**What needs to be done:** Would you return, word for word, the lines of the data below from the line with "text \<open>The discriminant" through the line with "C*x^2 + D*x + E)", and no others?

====

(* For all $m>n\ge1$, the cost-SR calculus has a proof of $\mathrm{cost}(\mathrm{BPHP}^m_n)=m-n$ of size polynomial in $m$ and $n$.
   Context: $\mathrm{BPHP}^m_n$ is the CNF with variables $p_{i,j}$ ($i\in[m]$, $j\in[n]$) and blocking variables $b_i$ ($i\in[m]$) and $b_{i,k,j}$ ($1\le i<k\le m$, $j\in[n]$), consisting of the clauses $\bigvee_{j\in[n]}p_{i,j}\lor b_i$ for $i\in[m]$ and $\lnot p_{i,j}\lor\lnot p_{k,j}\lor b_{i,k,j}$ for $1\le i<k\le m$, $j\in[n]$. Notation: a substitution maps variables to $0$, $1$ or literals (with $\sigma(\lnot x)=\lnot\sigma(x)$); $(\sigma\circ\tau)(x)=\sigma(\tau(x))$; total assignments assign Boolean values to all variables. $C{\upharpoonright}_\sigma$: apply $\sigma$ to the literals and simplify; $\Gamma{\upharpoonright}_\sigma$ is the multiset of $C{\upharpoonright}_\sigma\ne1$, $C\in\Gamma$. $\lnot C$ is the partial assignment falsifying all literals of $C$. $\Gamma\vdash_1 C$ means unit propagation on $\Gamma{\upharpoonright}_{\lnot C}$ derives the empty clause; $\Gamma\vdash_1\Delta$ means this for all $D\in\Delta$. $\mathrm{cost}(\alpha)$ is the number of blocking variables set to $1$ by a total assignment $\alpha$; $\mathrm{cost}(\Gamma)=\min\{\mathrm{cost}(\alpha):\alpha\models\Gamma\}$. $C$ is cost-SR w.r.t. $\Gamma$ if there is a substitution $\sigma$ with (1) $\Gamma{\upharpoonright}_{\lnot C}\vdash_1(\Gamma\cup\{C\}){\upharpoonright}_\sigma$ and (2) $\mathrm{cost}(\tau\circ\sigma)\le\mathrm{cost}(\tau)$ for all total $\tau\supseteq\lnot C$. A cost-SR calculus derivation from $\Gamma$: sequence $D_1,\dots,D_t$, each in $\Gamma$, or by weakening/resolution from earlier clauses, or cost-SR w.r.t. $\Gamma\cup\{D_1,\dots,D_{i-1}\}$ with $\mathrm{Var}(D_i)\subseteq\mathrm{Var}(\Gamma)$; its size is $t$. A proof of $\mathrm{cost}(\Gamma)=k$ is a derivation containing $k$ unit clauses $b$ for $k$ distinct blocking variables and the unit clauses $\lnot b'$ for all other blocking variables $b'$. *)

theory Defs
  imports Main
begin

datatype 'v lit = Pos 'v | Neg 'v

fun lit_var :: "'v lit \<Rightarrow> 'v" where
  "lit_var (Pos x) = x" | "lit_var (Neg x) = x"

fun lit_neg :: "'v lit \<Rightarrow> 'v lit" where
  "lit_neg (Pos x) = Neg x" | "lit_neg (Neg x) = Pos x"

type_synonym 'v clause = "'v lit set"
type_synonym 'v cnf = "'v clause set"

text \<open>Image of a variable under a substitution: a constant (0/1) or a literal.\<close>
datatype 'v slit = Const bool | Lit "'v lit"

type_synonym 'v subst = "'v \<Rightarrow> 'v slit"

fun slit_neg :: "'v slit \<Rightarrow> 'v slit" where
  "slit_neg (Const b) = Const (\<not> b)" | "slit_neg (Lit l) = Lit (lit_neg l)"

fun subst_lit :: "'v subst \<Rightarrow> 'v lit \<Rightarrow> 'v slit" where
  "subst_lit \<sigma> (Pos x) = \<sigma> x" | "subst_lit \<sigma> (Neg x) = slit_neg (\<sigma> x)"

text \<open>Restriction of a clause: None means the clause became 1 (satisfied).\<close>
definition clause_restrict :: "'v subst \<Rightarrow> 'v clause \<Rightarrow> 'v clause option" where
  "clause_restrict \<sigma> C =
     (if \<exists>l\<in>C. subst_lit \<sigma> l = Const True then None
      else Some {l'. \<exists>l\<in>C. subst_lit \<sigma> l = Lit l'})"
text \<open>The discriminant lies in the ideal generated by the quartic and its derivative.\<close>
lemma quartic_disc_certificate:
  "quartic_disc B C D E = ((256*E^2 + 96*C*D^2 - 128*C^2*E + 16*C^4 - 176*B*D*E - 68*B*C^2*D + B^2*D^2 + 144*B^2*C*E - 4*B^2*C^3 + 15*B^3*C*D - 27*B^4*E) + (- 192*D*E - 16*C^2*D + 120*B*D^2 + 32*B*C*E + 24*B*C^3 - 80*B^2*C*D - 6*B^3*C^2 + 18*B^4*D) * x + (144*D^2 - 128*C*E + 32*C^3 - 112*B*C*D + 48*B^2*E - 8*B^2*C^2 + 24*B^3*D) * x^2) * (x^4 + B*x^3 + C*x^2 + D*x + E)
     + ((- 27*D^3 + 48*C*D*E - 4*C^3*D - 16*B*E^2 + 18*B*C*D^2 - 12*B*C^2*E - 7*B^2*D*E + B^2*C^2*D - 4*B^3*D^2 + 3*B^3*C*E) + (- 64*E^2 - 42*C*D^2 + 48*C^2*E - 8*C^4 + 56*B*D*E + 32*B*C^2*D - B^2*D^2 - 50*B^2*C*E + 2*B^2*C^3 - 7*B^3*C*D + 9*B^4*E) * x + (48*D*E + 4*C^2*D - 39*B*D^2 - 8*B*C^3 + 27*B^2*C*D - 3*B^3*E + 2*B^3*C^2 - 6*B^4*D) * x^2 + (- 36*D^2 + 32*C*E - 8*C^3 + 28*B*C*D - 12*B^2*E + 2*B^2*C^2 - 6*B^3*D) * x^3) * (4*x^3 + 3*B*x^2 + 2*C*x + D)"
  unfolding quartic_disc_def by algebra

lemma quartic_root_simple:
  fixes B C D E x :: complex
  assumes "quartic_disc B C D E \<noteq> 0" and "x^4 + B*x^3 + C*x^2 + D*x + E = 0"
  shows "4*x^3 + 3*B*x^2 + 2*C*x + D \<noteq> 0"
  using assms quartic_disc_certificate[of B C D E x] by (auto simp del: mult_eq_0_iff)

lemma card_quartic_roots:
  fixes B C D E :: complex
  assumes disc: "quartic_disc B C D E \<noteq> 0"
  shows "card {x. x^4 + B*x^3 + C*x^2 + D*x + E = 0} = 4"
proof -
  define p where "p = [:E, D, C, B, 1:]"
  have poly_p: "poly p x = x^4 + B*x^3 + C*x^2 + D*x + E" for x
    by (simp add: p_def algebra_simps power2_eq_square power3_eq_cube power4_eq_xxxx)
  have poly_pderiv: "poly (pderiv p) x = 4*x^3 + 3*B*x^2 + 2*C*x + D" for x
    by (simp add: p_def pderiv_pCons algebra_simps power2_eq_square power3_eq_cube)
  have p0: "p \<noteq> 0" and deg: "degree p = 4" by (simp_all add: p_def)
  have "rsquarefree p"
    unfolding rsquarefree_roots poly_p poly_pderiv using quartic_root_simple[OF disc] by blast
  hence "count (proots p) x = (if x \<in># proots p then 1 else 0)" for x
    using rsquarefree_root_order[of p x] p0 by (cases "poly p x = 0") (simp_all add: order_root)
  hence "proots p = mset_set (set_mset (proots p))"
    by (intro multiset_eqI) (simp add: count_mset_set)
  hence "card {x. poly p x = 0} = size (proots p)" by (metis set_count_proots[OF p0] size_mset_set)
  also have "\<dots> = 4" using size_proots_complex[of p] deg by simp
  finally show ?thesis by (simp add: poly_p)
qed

====

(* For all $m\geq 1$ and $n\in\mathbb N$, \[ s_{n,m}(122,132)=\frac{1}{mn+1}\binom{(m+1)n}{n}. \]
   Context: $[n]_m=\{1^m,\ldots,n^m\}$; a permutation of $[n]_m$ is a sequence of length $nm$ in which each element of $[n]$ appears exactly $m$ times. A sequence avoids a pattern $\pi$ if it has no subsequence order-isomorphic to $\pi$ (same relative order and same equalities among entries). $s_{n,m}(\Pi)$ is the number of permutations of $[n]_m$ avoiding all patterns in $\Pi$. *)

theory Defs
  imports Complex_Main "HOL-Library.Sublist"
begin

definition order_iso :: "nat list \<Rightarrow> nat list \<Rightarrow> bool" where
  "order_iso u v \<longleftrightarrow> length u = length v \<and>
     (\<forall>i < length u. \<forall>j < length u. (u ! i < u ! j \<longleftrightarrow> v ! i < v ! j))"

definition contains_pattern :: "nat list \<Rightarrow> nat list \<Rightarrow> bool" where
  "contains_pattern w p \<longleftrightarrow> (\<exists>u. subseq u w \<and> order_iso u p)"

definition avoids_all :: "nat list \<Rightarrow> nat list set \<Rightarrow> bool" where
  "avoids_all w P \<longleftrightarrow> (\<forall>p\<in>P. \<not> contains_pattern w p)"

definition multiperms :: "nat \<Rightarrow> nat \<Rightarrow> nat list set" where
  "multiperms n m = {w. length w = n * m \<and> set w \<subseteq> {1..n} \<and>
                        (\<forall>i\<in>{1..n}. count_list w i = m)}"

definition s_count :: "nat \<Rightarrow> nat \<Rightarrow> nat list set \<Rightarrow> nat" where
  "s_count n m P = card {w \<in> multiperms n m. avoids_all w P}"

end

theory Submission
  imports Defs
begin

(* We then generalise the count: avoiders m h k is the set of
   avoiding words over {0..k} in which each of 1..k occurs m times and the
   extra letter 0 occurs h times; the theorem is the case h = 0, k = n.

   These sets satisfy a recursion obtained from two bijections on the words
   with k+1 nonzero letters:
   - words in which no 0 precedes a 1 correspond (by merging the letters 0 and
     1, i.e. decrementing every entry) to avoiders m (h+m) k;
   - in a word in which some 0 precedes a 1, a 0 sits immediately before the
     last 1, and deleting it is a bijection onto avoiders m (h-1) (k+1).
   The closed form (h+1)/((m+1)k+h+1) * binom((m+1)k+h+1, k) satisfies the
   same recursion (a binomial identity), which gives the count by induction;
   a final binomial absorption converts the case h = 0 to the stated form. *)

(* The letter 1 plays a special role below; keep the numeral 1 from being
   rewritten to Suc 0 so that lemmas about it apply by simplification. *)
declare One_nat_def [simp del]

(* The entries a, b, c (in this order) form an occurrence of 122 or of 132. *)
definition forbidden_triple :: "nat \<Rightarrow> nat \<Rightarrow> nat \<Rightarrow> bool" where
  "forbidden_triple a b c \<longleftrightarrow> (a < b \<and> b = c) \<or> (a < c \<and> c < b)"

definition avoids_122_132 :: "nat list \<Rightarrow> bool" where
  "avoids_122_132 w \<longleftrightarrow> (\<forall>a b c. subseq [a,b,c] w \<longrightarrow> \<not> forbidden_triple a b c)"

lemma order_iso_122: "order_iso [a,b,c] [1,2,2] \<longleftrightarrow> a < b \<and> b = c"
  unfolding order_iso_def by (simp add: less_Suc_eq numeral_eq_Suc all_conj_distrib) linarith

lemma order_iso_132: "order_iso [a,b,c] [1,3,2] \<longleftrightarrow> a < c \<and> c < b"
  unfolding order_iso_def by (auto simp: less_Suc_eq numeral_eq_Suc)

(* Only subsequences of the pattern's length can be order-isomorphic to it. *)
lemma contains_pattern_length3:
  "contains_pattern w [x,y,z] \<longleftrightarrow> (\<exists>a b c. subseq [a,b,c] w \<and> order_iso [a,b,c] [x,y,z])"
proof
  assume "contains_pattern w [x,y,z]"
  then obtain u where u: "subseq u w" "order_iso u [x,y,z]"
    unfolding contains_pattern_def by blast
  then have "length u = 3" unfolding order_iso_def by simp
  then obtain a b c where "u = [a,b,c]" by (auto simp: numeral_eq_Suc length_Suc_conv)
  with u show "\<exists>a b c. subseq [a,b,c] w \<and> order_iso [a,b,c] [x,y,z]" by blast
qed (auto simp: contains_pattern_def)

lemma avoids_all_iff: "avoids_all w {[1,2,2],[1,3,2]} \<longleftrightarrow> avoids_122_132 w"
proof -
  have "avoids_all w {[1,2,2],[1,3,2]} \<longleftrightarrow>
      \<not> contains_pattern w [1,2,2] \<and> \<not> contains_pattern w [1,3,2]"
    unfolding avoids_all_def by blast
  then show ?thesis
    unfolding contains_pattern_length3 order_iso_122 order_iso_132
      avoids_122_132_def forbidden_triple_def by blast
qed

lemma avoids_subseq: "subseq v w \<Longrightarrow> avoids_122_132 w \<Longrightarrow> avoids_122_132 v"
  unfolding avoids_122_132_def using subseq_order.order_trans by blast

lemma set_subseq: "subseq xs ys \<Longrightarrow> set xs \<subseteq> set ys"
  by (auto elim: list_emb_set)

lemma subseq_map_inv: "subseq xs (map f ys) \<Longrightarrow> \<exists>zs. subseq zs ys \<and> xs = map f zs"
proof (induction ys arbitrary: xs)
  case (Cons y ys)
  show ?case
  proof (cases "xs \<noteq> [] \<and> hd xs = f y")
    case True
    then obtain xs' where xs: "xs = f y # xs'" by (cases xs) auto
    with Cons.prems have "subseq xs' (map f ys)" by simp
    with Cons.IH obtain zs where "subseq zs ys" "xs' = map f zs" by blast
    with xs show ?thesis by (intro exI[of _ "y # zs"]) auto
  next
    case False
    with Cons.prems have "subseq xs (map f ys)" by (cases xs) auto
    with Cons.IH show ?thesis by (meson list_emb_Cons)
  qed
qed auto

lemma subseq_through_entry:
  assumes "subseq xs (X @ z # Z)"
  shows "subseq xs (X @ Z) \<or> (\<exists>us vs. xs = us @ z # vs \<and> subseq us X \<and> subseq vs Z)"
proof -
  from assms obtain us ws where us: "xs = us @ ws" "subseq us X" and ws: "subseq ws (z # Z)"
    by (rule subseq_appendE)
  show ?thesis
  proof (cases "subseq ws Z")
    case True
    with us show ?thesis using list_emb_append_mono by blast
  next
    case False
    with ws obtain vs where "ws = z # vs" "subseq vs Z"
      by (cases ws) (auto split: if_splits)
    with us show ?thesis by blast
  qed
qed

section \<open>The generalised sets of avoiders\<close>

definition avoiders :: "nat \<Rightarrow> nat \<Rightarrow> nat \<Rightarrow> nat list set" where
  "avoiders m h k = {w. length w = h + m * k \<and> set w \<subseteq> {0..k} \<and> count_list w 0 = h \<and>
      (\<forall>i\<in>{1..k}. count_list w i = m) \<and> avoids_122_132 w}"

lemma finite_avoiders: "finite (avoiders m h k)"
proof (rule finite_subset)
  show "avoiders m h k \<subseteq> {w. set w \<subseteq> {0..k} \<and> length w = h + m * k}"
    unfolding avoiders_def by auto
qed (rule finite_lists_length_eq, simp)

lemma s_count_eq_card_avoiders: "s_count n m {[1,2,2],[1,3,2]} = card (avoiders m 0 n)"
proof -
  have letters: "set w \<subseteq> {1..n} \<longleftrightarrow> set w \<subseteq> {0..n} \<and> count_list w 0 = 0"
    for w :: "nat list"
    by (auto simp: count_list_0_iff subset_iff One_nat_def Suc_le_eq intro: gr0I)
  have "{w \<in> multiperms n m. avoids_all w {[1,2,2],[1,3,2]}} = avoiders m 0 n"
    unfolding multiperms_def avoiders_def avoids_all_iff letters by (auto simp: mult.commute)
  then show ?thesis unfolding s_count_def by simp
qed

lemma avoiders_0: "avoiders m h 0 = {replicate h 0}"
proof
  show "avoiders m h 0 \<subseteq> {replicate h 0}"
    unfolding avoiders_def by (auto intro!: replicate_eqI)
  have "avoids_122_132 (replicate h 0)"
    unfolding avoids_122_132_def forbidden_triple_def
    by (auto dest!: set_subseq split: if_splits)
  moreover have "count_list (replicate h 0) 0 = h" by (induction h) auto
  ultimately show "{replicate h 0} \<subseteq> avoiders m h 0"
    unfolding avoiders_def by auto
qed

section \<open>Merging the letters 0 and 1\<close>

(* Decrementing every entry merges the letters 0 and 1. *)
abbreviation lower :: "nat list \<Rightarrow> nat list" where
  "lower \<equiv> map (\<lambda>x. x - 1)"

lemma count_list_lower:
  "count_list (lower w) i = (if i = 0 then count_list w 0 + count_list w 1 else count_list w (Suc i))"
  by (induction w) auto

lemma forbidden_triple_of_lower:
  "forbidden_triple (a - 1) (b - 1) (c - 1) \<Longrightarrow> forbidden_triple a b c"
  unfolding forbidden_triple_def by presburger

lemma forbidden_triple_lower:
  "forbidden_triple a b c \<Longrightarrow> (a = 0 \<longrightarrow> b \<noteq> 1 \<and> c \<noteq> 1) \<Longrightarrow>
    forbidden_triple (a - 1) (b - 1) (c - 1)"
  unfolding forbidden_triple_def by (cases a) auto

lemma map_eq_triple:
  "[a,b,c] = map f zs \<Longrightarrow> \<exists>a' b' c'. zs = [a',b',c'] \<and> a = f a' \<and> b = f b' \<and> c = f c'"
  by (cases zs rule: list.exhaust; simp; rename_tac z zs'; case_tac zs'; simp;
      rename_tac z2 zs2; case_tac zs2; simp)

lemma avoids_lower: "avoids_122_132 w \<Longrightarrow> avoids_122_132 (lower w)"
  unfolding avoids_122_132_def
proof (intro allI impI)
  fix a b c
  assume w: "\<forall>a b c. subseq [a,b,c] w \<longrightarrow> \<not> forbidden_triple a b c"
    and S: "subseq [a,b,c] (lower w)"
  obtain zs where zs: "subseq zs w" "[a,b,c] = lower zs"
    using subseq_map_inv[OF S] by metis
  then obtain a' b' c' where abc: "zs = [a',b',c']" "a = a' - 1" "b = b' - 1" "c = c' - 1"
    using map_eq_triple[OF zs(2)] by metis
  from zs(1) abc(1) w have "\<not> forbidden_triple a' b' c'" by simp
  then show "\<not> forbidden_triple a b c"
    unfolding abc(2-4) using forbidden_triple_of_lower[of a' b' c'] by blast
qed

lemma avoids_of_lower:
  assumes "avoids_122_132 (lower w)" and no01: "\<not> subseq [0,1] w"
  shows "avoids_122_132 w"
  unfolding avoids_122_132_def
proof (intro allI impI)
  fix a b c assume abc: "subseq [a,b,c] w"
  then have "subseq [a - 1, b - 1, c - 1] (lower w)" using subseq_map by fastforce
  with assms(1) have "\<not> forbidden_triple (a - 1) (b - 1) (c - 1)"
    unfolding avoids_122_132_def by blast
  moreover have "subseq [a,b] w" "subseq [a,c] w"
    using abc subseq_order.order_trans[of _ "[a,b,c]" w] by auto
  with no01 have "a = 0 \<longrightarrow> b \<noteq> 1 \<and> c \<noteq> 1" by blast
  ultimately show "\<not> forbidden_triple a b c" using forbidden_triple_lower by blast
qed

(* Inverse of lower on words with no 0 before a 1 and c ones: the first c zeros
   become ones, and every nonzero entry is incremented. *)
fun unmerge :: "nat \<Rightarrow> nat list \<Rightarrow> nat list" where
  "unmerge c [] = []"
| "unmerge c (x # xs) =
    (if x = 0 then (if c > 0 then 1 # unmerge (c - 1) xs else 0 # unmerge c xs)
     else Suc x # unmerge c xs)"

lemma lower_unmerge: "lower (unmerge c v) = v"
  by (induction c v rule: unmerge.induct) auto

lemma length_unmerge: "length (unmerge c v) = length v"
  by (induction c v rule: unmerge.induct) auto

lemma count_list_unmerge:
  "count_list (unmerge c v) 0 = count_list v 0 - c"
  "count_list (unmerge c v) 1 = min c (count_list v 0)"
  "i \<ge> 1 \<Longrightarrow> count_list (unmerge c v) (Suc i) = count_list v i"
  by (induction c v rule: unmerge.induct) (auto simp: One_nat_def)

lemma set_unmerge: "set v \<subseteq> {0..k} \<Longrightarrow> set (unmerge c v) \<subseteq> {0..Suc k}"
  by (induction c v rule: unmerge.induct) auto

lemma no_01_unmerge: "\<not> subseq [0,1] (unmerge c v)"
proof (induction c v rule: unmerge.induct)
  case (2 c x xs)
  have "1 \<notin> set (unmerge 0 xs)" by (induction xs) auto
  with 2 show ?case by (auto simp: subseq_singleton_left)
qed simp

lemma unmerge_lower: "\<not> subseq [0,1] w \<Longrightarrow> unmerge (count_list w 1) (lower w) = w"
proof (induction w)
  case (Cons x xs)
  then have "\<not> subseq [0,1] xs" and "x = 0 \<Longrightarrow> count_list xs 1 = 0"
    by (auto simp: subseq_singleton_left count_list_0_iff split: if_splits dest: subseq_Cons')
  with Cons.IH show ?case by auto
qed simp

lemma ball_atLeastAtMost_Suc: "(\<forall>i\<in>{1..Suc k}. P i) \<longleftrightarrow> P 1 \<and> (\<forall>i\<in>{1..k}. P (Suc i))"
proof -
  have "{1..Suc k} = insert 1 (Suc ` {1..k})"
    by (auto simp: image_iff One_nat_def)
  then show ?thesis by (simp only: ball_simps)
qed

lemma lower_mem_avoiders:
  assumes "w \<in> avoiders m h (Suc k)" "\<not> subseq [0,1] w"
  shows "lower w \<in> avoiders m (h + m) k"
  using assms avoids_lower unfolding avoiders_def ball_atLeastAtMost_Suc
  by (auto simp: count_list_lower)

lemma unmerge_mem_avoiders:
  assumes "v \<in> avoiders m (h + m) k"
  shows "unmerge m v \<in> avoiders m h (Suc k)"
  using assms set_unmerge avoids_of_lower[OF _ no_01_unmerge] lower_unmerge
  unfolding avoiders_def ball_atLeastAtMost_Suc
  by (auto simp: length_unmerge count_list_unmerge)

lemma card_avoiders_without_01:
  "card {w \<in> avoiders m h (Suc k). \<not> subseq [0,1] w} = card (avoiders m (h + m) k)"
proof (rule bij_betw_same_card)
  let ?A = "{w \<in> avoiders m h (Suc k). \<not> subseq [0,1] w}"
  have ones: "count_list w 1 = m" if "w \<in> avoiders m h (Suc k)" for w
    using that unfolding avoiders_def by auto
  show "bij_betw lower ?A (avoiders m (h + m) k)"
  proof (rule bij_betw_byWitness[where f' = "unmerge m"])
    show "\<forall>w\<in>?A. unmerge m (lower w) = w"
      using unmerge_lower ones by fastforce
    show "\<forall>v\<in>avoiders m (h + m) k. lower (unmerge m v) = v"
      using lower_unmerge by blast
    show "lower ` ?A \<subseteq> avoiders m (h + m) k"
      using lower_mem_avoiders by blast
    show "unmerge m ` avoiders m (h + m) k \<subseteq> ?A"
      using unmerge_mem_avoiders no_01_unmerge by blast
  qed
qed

====

**Response to this task:**
text \<open>The discriminant lies in the ideal generated by the quartic and its derivative.\<close>
lemma quartic_disc_certificate:
  "quartic_disc B C D E = ((256*E^2 + 96*C*D^2 - 128*C^2*E + 16*C^4 - 176*B*D*E - 68*B*C^2*D + B^2*D^2 + 144*B^2*C*E - 4*B^2*C^3 + 15*B^3*C*D - 27*B^4*E) + (- 192*D*E - 16*C^2*D + 120*B*D^2 + 32*B*C*E + 24*B*C^3 - 80*B^2*C*D - 6*B^3*C^2 + 18*B^4*D) * x + (144*D^2 - 128*C*E + 32*C^3 - 112*B*C*D + 48*B^2*E - 8*B^2*C^2 + 24*B^3*D) * x^2) * (x^4 + B*x^3 + C*x^2 + D*x + E)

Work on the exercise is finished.